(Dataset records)
↓

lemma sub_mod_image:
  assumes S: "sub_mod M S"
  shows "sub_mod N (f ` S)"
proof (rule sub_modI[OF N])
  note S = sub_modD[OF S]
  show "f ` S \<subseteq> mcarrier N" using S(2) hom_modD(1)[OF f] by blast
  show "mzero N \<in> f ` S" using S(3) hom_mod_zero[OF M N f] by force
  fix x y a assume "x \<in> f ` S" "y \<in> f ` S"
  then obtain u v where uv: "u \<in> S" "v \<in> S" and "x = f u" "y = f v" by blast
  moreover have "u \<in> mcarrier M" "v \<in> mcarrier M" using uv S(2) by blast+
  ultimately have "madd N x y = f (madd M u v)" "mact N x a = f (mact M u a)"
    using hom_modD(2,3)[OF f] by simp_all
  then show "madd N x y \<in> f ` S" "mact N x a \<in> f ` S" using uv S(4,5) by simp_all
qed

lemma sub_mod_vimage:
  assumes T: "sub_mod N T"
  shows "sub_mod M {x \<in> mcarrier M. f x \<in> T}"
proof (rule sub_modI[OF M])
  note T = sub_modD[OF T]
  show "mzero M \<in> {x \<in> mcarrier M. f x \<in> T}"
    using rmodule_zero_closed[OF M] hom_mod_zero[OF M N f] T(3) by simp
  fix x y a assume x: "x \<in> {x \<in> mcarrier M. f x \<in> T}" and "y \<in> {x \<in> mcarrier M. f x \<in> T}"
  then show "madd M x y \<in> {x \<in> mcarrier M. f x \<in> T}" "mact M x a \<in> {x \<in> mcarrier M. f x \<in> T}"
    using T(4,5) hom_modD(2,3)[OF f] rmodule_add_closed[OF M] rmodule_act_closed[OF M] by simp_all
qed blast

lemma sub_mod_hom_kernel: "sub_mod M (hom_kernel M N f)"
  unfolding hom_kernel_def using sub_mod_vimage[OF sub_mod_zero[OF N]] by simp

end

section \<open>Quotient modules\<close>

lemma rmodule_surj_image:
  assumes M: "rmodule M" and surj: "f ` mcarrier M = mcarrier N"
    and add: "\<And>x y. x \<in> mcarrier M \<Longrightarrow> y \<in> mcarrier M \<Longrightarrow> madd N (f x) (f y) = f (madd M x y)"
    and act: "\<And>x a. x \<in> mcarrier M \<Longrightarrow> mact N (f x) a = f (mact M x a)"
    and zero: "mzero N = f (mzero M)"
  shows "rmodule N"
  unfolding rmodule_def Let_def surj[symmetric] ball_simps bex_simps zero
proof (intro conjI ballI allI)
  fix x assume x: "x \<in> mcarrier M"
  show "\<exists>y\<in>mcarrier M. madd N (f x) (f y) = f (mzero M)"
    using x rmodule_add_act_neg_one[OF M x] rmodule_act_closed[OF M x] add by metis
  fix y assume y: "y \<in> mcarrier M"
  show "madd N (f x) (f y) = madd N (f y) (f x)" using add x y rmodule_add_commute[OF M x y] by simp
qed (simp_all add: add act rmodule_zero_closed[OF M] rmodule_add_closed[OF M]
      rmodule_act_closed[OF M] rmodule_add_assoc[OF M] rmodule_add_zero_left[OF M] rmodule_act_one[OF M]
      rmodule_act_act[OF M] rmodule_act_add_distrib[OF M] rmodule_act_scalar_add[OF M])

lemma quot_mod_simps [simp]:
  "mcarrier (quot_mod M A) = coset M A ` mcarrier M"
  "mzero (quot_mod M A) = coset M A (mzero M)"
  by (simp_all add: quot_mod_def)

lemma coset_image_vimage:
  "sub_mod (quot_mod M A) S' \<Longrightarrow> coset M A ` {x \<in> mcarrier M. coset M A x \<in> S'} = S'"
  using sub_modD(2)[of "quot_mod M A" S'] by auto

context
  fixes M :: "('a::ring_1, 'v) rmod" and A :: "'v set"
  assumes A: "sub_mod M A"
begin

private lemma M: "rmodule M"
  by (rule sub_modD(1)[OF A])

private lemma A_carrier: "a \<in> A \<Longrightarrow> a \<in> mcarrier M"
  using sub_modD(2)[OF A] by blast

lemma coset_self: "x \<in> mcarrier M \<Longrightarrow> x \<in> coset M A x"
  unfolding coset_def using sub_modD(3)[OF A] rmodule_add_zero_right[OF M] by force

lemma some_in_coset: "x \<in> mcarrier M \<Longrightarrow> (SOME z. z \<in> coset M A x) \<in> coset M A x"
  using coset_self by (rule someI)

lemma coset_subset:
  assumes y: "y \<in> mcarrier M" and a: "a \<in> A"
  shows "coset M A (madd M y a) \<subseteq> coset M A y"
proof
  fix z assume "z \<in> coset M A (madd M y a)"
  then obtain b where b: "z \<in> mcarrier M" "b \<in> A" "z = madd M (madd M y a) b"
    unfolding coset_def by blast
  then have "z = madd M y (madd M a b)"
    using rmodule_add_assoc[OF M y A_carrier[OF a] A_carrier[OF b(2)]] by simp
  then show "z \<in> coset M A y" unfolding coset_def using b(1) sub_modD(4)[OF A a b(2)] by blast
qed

↑
↓

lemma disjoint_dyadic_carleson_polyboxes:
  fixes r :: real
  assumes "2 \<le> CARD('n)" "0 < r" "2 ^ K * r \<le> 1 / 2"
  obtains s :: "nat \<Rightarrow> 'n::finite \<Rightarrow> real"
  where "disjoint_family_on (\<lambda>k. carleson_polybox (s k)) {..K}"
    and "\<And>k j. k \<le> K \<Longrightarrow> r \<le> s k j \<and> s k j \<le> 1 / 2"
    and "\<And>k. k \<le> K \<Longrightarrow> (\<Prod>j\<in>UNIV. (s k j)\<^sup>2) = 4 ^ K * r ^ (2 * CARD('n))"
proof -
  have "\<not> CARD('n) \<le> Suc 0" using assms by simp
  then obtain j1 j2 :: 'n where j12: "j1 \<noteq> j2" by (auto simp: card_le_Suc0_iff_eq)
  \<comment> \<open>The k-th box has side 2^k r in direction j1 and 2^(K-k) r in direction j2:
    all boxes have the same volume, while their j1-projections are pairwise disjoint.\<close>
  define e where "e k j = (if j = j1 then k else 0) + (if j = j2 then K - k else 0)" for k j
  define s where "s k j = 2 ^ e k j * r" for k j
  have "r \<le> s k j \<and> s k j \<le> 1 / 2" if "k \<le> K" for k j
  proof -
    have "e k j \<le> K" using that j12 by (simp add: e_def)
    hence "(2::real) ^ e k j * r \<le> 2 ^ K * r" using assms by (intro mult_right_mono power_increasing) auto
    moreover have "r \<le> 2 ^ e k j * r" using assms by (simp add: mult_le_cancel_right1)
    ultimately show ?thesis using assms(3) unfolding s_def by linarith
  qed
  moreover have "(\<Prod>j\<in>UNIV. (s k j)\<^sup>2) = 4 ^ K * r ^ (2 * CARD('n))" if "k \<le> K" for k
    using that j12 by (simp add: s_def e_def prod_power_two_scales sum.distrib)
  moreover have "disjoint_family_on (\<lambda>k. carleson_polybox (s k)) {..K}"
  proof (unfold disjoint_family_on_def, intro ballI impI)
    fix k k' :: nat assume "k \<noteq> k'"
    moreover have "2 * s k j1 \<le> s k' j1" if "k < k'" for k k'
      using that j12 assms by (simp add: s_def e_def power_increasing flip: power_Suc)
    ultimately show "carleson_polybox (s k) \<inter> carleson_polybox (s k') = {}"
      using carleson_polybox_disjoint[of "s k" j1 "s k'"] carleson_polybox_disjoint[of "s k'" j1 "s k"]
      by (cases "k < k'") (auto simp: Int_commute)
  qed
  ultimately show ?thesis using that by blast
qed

↑

*EXERCISE REQUIREMENTS:* Collect each line above holding the string "private".

*THE COMPLETED TASK:*
private lemma M: "rmodule M"
private lemma A_carrier: "a \<in> A \<Longrightarrow> a \<in> mcarrier M"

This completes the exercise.